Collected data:

# # # #

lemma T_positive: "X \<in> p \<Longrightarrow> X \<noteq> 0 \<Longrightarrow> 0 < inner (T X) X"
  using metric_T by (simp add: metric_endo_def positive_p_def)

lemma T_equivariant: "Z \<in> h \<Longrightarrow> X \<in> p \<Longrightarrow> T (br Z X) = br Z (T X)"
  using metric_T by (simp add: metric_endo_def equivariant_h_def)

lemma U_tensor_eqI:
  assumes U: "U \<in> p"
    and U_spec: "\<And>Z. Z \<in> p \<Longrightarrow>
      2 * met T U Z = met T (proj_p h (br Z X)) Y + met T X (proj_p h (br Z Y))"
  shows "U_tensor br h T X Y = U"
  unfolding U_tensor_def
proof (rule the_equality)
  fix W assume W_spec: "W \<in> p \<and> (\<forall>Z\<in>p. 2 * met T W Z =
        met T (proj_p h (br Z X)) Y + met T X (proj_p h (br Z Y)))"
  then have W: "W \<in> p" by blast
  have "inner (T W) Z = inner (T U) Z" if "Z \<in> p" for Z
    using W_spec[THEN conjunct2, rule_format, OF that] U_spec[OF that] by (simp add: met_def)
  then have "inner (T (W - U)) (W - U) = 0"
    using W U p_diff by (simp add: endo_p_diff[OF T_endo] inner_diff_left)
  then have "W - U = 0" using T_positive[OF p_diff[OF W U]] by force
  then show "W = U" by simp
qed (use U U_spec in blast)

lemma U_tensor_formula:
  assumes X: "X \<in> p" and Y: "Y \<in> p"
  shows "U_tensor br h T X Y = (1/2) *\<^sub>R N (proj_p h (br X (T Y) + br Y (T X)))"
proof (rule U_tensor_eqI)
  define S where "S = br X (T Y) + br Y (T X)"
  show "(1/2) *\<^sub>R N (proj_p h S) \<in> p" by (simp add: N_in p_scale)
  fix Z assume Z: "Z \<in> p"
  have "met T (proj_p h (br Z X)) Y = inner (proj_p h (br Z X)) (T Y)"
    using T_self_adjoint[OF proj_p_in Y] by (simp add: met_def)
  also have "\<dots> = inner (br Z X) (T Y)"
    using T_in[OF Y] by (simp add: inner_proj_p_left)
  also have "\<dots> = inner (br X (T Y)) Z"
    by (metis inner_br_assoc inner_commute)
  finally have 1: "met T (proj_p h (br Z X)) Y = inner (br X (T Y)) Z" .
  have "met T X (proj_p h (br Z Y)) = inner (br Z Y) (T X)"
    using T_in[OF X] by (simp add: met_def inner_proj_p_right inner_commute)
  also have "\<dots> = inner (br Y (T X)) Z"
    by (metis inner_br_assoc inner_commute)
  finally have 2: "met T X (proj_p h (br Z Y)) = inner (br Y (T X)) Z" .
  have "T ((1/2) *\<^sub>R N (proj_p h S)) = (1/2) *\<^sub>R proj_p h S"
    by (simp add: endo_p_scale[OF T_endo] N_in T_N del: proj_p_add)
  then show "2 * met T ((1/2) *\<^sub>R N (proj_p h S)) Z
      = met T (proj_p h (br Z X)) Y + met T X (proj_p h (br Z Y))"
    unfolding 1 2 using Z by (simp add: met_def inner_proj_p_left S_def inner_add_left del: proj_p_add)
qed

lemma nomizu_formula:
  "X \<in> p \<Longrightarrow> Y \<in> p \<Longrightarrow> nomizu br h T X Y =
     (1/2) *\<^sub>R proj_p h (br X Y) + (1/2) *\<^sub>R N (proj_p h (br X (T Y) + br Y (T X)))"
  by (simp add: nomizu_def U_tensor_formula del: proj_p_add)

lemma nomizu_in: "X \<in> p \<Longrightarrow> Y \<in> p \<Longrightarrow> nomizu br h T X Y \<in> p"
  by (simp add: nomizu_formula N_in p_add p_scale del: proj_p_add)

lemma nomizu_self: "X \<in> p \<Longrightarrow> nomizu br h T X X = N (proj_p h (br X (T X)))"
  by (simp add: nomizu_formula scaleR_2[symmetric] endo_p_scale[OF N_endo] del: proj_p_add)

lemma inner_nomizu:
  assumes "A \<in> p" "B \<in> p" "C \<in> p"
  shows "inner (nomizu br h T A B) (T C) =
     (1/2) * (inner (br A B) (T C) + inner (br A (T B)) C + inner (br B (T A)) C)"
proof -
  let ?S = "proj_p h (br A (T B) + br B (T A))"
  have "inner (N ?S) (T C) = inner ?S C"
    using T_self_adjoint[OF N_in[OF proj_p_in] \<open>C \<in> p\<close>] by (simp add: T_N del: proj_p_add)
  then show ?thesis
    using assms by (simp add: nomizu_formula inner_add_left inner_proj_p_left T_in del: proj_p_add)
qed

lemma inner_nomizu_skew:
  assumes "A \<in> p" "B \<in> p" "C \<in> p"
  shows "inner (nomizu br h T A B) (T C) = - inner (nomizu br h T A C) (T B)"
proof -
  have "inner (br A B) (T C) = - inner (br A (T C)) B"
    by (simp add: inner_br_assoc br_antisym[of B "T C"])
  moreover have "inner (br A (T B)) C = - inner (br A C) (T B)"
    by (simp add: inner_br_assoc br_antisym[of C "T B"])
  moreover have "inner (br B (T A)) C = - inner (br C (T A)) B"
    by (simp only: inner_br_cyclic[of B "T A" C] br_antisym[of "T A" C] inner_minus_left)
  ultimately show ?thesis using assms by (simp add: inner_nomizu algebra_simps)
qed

# # # #

Print every record exactly, so that each word matches what is written above.

**Task response:**
lemma T_positive: "X \<in> p \<Longrightarrow> X \<noteq> 0 \<Longrightarrow> 0 < inner (T X) X"
  using metric_T by (simp add: metric_endo_def positive_p_def)

lemma T_equivariant: "Z \<in> h \<Longrightarrow> X \<in> p \<Longrightarrow> T (br Z X) = br Z (T X)"
  using metric_T by (simp add: metric_endo_def equivariant_h_def)

lemma U_tensor_eqI:
  assumes U: "U \<in> p"
    and U_spec: "\<And>Z. Z \<in> p \<Longrightarrow>
      2 * met T U Z = met T (proj_p h (br Z X)) Y + met T X (proj_p h (br Z Y))"
  shows "U_tensor br h T X Y = U"
  unfolding U_tensor_def
proof (rule the_equality)
  fix W assume W_spec: "W \<in> p \<and> (\<forall>Z\<in>p. 2 * met T W Z =
        met T (proj_p h (br Z X)) Y + met T X (proj_p h (br Z Y)))"
  then have W: "W \<in> p" by blast
  have "inner (T W) Z = inner (T U) Z" if "Z \<in> p" for Z
    using W_spec[THEN conjunct2, rule_format, OF that] U_spec[OF that] by (simp add: met_def)
  then have "inner (T (W - U)) (W - U) = 0"
    using W U p_diff by (simp add: endo_p_diff[OF T_endo] inner_diff_left)
  then have "W - U = 0" using T_positive[OF p_diff[OF W U]] by force
  then show "W = U" by simp
qed (use U U_spec in blast)

lemma U_tensor_formula:
  assumes X: "X \<in> p" and Y: "Y \<in> p"
  shows "U_tensor br h T X Y = (1/2) *\<^sub>R N (proj_p h (br X (T Y) + br Y (T X)))"
proof (rule U_tensor_eqI)
  define S where "S = br X (T Y) + br Y (T X)"
  show "(1/2) *\<^sub>R N (proj_p h S) \<in> p" by (simp add: N_in p_scale)
  fix Z assume Z: "Z \<in> p"
  have "met T (proj_p h (br Z X)) Y = inner (proj_p h (br Z X)) (T Y)"
    using T_self_adjoint[OF proj_p_in Y] by (simp add: met_def)
  also have "\<dots> = inner (br Z X) (T Y)"
    using T_in[OF Y] by (simp add: inner_proj_p_left)
  also have "\<dots> = inner (br X (T Y)) Z"
    by (metis inner_br_assoc inner_commute)
  finally have 1: "met T (proj_p h (br Z X)) Y = inner (br X (T Y)) Z" .
  have "met T X (proj_p h (br Z Y)) = inner (br Z Y) (T X)"
    using T_in[OF X] by (simp add: met_def inner_proj_p_right inner_commute)
  also have "\<dots> = inner (br Y (T X)) Z"
    by (metis inner_br_assoc inner_commute)
  finally have 2: "met T X (proj_p h (br Z Y)) = inner (br Y (T X)) Z" .
  have "T ((1/2) *\<^sub>R N (proj_p h S)) = (1/2) *\<^sub>R proj_p h S"
    by (simp add: endo_p_scale[OF T_endo] N_in T_N del: proj_p_add)
  then show "2 * met T ((1/2) *\<^sub>R N (proj_p h S)) Z
      = met T (proj_p h (br Z X)) Y + met T X (proj_p h (br Z Y))"
    unfolding 1 2 using Z by (simp add: met_def inner_proj_p_left S_def inner_add_left del: proj_p_add)
qed

lemma nomizu_formula:
  "X \<in> p \<Longrightarrow> Y \<in> p \<Longrightarrow> nomizu br h T X Y =
     (1/2) *\<^sub>R proj_p h (br X Y) + (1/2) *\<^sub>R N (proj_p h (br X (T Y) + br Y (T X)))"
  by (simp add: nomizu_def U_tensor_formula del: proj_p_add)

lemma nomizu_in: "X \<in> p \<Longrightarrow> Y \<in> p \<Longrightarrow> nomizu br h T X Y \<in> p"
  by (simp add: nomizu_formula N_in p_add p_scale del: proj_p_add)

lemma nomizu_self: "X \<in> p \<Longrightarrow> nomizu br h T X X = N (proj_p h (br X (T X)))"
  by (simp add: nomizu_formula scaleR_2[symmetric] endo_p_scale[OF N_endo] del: proj_p_add)

lemma inner_nomizu:
  assumes "A \<in> p" "B \<in> p" "C \<in> p"
  shows "inner (nomizu br h T A B) (T C) =
     (1/2) * (inner (br A B) (T C) + inner (br A (T B)) C + inner (br B (T A)) C)"
proof -
  let ?S = "proj_p h (br A (T B) + br B (T A))"
  have "inner (N ?S) (T C) = inner ?S C"
    using T_self_adjoint[OF N_in[OF proj_p_in] \<open>C \<in> p\<close>] by (simp add: T_N del: proj_p_add)
  then show ?thesis
    using assms by (simp add: nomizu_formula inner_add_left inner_proj_p_left T_in del: proj_p_add)
qed

lemma inner_nomizu_skew:
  assumes "A \<in> p" "B \<in> p" "C \<in> p"
  shows "inner (nomizu br h T A B) (T C) = - inner (nomizu br h T A C) (T B)"
proof -
  have "inner (br A B) (T C) = - inner (br A (T C)) B"
    by (simp add: inner_br_assoc br_antisym[of B "T C"])
  moreover have "inner (br A (T B)) C = - inner (br A C) (T B)"
    by (simp add: inner_br_assoc br_antisym[of C "T B"])
  moreover have "inner (br B (T A)) C = - inner (br C (T A)) B"
    by (simp only: inner_br_cyclic[of B "T A" C] br_antisym[of "T A" C] inner_minus_left)
  ultimately show ?thesis using assms by (simp add: inner_nomizu algebra_simps)
qed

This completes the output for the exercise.